Home¶
Overview¶
iden is a simple Python library to manage a dataset of shards when training a machine learning
model.
iden uses a lazy loading approach to load the shard's data, so it is easy to manage shards without
loading their data.
iden supports different formats to store shards on disk.
Key Features¶
- Lazy Loading: Shards are loaded only when needed, enabling efficient memory management
- Multiple Formats: Support for JSON, YAML, Pickle, PyTorch, safetensors, and more
- Flexible Dataset Management: Organize data into splits (train/val/test) with associated assets
- URI-based Identification: Each shard has a unique URI for easy persistence and loading
- Caching Support: Optional in-memory caching for frequently accessed shards
- Extensible: Easy to add custom shard types and loaders
Quick Example¶
import tempfile
from pathlib import Path
from iden.dataset import create_vanilla_dataset
from iden.shard import create_json_shard, create_shard_dict, create_shard_tuple
# Create a simple dataset
with tempfile.TemporaryDirectory() as tmpdir:
# Create shards
train_tuple = create_shard_tuple(
[
create_json_shard(
[1, 2, 3], uri=Path(tmpdir).joinpath("train1.json").as_uri()
),
create_json_shard(
[4, 5, 6], uri=Path(tmpdir).joinpath("train2.json").as_uri()
),
],
uri=Path(tmpdir).joinpath("train_tuple").as_uri(),
)
val_tuple = create_shard_tuple(
[create_json_shard([7, 8, 9], uri=Path(tmpdir).joinpath("val1.json").as_uri())],
uri=Path(tmpdir).joinpath("val_tuple").as_uri(),
)
# Organize shards into splits
shards = create_shard_dict(
shards={"train": train_tuple, "val": val_tuple},
uri=Path(tmpdir).joinpath("shards").as_uri(),
)
assets = create_shard_dict(shards={}, uri=Path(tmpdir).joinpath("assets").as_uri())
# Create dataset
dataset = create_vanilla_dataset(
shards=shards,
assets=assets,
uri=Path(tmpdir).joinpath("my_dataset").as_uri(),
)
# Access data
train_shards = dataset.get_shards("train")

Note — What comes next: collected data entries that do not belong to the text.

lemma variation_of_constants:
  fixes p q v :: "real \<Rightarrow> real"
  assumes "a \<le> b" and p: "continuous_on {a..b} p" and q: "q absolutely_integrable_on {a..b}"
    and int: "(\<lambda>s. q s - p s * v s) integrable_on {a..b}"
    and v: "\<And>s. s \<in> {a..b} \<Longrightarrow> v s = v a + integral {a..s} (\<lambda>r. q r - p r * v r)"
  shows "exp (integral {a..b} p) * v b = v a + integral {a..b} (\<lambda>s. exp (integral {a..s} p) * q s)"
proof -
  define h where "h s = exp (integral {a..s} p)" for s
  have h_deriv: "(h has_real_derivative p r * h r) (at r within {a..b})" if "r \<in> {a..b}" for r
    unfolding h_def using integral_has_real_derivative[OF p that] by (auto intro!: derivative_eq_intros)
  then have h: "continuous_on {a..b} h"
    unfolding continuous_on_eq_continuous_within using DERIV_continuous by blast
  have v_cont: "continuous_on {a..b} v"
    using int v by (rule continuous_on_indefinite_integral_eq)
  have G: "v r - v a = integral {a..r} (\<lambda>s. q s - p s * v s)" if "r \<in> {a..b}" for r
    using v[OF that] by linarith
  have g: "(\<lambda>s. q s - p s * v s) absolutely_integrable_on {a..b}"
    using q absolutely_integrable_continuous_real[OF continuous_on_mult[OF p v_cont]]
    by (rule set_integral_diff(1))
  have php: "continuous_on {a..b} (\<lambda>s. p s * h s)"
    using p h by (rule continuous_on_mult)
  have phv: "(\<lambda>s. p s * h s * v s) integrable_on {a..b}"
    using integrable_continuous_real[OF continuous_on_mult[OF php v_cont]] .
  (* Integrate by parts against the integrating factor h; the terms in p h v cancel. *)
  have "integral {a..b} (\<lambda>s. h s * q s) =
        integral {a..b} (\<lambda>s. h s * (q s - p s * v s)) + integral {a..b} (\<lambda>s. p s * h s * v s)"
  proof -
    have "(\<lambda>s. h s * (q s - p s * v s)) integrable_on {a..b}"
      using absolutely_integrable_continuous_mult[OF h g] by (simp add: absolutely_integrable_on_def)
    then show ?thesis
      using phv by (simp add: integral_add[symmetric] algebra_simps)
  qed
  also have "integral {a..b} (\<lambda>s. h s * (q s - p s * v s)) =
             h b * (v b - v a) - integral {a..b} (\<lambda>r. p r * h r * (v r - v a))"
    by (rule integral_mult_by_parts_indefinite_integral[OF \<open>a \<le> b\<close> g G h_deriv php])
  also have "integral {a..b} (\<lambda>r. p r * h r * (v r - v a)) =
             integral {a..b} (\<lambda>s. p s * h s * v s) - v a * (h b - 1)"
  proof -
    have "(\<lambda>r. v a * (p r * h r)) integrable_on {a..b}"
      using integrable_continuous_real[OF continuous_on_mult[OF continuous_on_const php]] .
    moreover have "integral {a..b} (\<lambda>r. p r * h r) = h b - 1"
      using integral_real_derivative_eq_diff[OF \<open>a \<le> b\<close> h_deriv] by (simp add: h_def)
    moreover have "integral {a..b} (\<lambda>r. p r * h r * (v r - v a)) =
                   integral {a..b} (\<lambda>r. p r * h r * v r - v a * (p r * h r))"
      by (rule integral_cong) (simp add: algebra_simps)
    ultimately show ?thesis
      using phv by (simp add: integral_diff)
  qed
  finally show ?thesis
    by (simp add: h_def algebra_simps)
qed

lemma integrable_on_Icc_threshold:
  fixes g :: "real \<Rightarrow> 'a::banach"
  assumes "l \<le> T" and "\<not> g integrable_on {l..T}"
  obtains a where "l \<le> a"
    and "\<And>t. t < a \<Longrightarrow> g integrable_on {l..t}"
    and "\<And>t. a < t \<Longrightarrow> \<not> g integrable_on {l..t}"
proof
  define S where "S = {t. l \<le> t \<and> \<not> g integrable_on {l..t}}"
  have "T \<in> S" and bdd: "bdd_below S"
    using assms by (auto simp: S_def intro: bdd_belowI[of _ l])
  then show "l \<le> Inf S"
    by (auto intro: cInf_greatest simp: S_def)
  show "g integrable_on {l..t}" if "t < Inf S" for t
  proof (cases "l \<le> t")
    case True
    then show ?thesis
      using that cInf_lower[OF _ bdd, of t] by (force simp: S_def)
  qed auto
  show "\<not> g integrable_on {l..t}" if "Inf S < t" for t
  proof
    assume "g integrable_on {l..t}"
    obtain s where "s \<in> S" "s < t"
      using \<open>Inf S < t\<close> cInf_less_iff[OF _ bdd] \<open>T \<in> S\<close> by blast
    with \<open>g integrable_on {l..t}\<close> show False
      by (auto simp: S_def intro: integrable_on_subinterval)
  qed
qed

lemma linear_volterra_solution_extends_continuously:
  fixes p q v :: "real \<Rightarrow> real"
  assumes "0 \<le> a" and p: "continuous_on {0..a} p" and q: "q absolutely_integrable_on {0..a}"
    and int: "\<And>t. t < a \<Longrightarrow> (\<lambda>s. q s - p s * v s) integrable_on {0..t}"
    and v: "\<And>t. 0 \<le> t \<Longrightarrow> t < a \<Longrightarrow> v t = v 0 + integral {0..t} (\<lambda>s. q s - p s * v s)"
  obtains w where "continuous_on {0..a} w" and "\<And>t. 0 \<le> t \<Longrightarrow> t < a \<Longrightarrow> v t = w t"
proof -
  define P where "P t = integral {0..t} p" for t
  define w where "w t = exp (- P t) * (v 0 + integral {0..t} (\<lambda>s. exp (P s) * q s))" for t
  have "continuous_on {0..a} P"
    unfolding P_def by (intro indefinite_integral_continuous_1 integrable_continuous_real p)
  then have "continuous_on {0..a} (\<lambda>s. exp (P s))"
    by (rule continuous_on_exp)
  then have "(\<lambda>s. exp (P s) * q s) integrable_on {0..a}"
    using absolutely_integrable_continuous_mult q by (simp add: absolutely_integrable_on_def)
  then have "continuous_on {0..a} w"
    unfolding w_def using \<open>continuous_on {0..a} P\<close>
    by (intro continuous_intros indefinite_integral_continuous_1)
  moreover have "v t = w t" if "0 \<le> t" "t < a" for t
  proof -
    have "exp (P t) * v t = v 0 + integral {0..t} (\<lambda>s. exp (P s) * q s)"
      unfolding P_def
    proof (rule variation_of_constants[OF \<open>0 \<le> t\<close>])
      show "continuous_on {0..t} p"
        using p by (rule continuous_on_subset) (use that in auto)
      show "q absolutely_integrable_on {0..t}"
        using q by (rule absolutely_integrable_on_subinterval) (use that in auto)
      show "v s = v 0 + integral {0..s} (\<lambda>r. q r - p r * v r)" if "s \<in> {0..t}" for s
        using that \<open>t < a\<close> by (intro v) auto
    qed (rule int[OF \<open>t < a\<close>])
    then show ?thesis
      by (simp add: w_def exp_minus field_simps)
  qed
  ultimately show thesis
    by (rule that)
qed
lemma (in sigma_finite_measure) AE_from_finite_bounded_pieces:
  fixes b :: "'a \<Rightarrow> ennreal" and \<psi> :: "'b \<Rightarrow> 'a"
  assumes b[measurable]: "b \<in> borel_measurable M"
    and \<psi>: "\<And>x. x \<in> space N \<Longrightarrow> \<psi> x \<in> space M"
    and finite: "AE x in N. b (\<psi> x) < \<infinity>"
    and pieces: "\<And>S n. S \<in> sets M \<Longrightarrow> emeasure M S < \<infinity> \<Longrightarrow> (\<And>y. y \<in> S \<Longrightarrow> b y \<le> of_nat n)
       \<Longrightarrow> AE x in N. \<psi> x \<in> S \<longrightarrow> P x"
  shows "AE x in N. P x"
proof -
  obtain F :: "nat \<Rightarrow> 'a set" where F: "range F \<subseteq> sets M" "\<Union> (range F) = space M"
    "\<And>i. emeasure M (F i) \<noteq> \<infinity>" "incseq F"
    using sigma_finite_incseq by metis
  define S where "S n = {y \<in> space M. b y \<le> of_nat n} \<inter> F n" for n
  have "AE x in N. \<psi> x \<in> S n \<longrightarrow> P x" for n
  proof (rule pieces[where n = n])
    show "S n \<in> sets M" using F by (auto simp: S_def)
    have "emeasure M (S n) \<le> emeasure M (F n)"
      using F by (intro emeasure_mono) (auto simp: S_def)
    then show "emeasure M (S n) < \<infinity>"
      using F(3)[of n] by (simp add: less_top order.strict_trans1)
  qed (simp add: S_def)
  then have "AE x in N. \<forall>n. \<psi> x \<in> S n \<longrightarrow> P x"
    unfolding AE_all_countable by blast
  with finite AE_space show ?thesis
  proof eventually_elim
    case (elim x)
    obtain n0 where n0: "\<psi> x \<in> F n0" using F(2) \<psi> elim(2) by auto
    obtain n1 where n1: "b (\<psi> x) < of_nat n1" using elim(1) by (metis ennreal_Ex_less_of_nat infinity_ennreal_def)
    have "\<psi> x \<in> F (max n0 n1)" using n0 F(4) by (meson incseq_def max.cobounded1 subsetD)
    moreover have "b (\<psi> x) \<le> of_nat (max n0 n1)"
      using n1 by (meson less_imp_le max.cobounded2 of_nat_mono order.trans)
    ultimately have "\<psi> x \<in> S (max n0 n1)" using \<psi> elim(2) by (simp add: S_def)
    with elim(3) show ?case by blast
  qed
qed

lemma borel_measurable_ennreal_Bor_Rplus [measurable]: "ennreal \<in> borel_measurable Bor_Rplus"
  by (rule measurable_restrict_space1) simp

lemma prob_familyD:
  assumes "prob_family M Q" and "x \<in> space M"
  shows "prob_space (Q x)" and "sets (Q x) = sets Bor_Rplus"
  using assms by (simp_all add: prob_family_def)
(* Let $d$ and $k$ be positive integers. For all sufficiently large $n$, $f(n,n-k,d,2) = n-2d-k+3$.
   Context: All graphs are finite, simple and undirected. The order of a graph is its number of vertices. For a graph $G$ and positive integers $d, r$, let $f_G(d,r)$ be the largest integer $t$ such that in every coloring of the edges of $G$ with $r$ colors there is a monochromatic subgraph (all of its edges of one color) with minimum degree at least $d$ and order at least $t$. For integers $n > K > d$, let $f(n,K,d,r)$ be the minimum of $f_G(d,r)$ over all graphs $G$ with $n$ vertices and minimum degree at least $K$. *)

theory Defs
  imports Main
begin

definition edges_on :: "nat set \<Rightarrow> nat set set" where
  "edges_on V = {e. \<exists>u v. e = {u, v} \<and> u \<noteq> v \<and> u \<in> V \<and> v \<in> V}"

definition is_graph :: "nat set \<Rightarrow> nat set set \<Rightarrow> bool" where
  "is_graph V E \<longleftrightarrow> finite V \<and> E \<subseteq> edges_on V"

definition deg :: "nat set \<Rightarrow> nat set set \<Rightarrow> nat \<Rightarrow> nat" where
  "deg V E v = card {u \<in> V. {u, v} \<in> E}"

definition min_deg_ge :: "nat set \<Rightarrow> nat set set \<Rightarrow> nat \<Rightarrow> bool" where
  "min_deg_ge V E d \<longleftrightarrow> (\<forall>v\<in>V. d \<le> deg V E v)"

definition is_coloring :: "nat set set \<Rightarrow> (nat set \<Rightarrow> nat) \<Rightarrow> nat \<Rightarrow> bool" where
  "is_coloring E c r \<longleftrightarrow> (\<forall>e\<in>E. c e < r)"

definition has_mono_sub ::
  "nat set \<Rightarrow> nat set set \<Rightarrow> (nat set \<Rightarrow> nat) \<Rightarrow> nat \<Rightarrow> nat \<Rightarrow> bool" where
  "has_mono_sub V E c d t \<longleftrightarrow>
     (\<exists>V' E' i. V' \<subseteq> V \<and> E' \<subseteq> E \<and> E' \<subseteq> edges_on V' \<and>
        (\<forall>e\<in>E'. c e = i) \<and> min_deg_ge V' E' d \<and> t \<le> card V')"

definition fG :: "nat set \<Rightarrow> nat set set \<Rightarrow> nat \<Rightarrow> nat \<Rightarrow> nat" where
  "fG V E d r = (GREATEST t. \<forall>c. is_coloring E c r \<longrightarrow> has_mono_sub V E c d t)"

(* f(n,K,d,r): minimum of f_G(d,r) over graphs G on n vertices (w.l.o.g. the
   vertex set {0..<n}) with minimum degree at least K *)
definition f :: "nat \<Rightarrow> nat \<Rightarrow> nat \<Rightarrow> nat \<Rightarrow> nat" where
  "f n K d r = Min {fG {..<n} E d r | E. is_graph {..<n} E \<and> min_deg_ge {..<n} E K}"

end

theory Submission
  imports Defs
begin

print(train_shards[0].get_data()) # Output: [1, 2, 3]
API stability¶
While
iden is in development stage, no API is guaranteed to be stable from one
release to the next. In fact, it is very likely that the API will change multiple times before a
stable 1.0.0 release. In practice, this means that upgrading iden to a new version will
possibly break any code that was using the old version of iden.
License¶
iden is licensed under BSD 3-Clause "New" or "Revised" license available
in LICENSE file.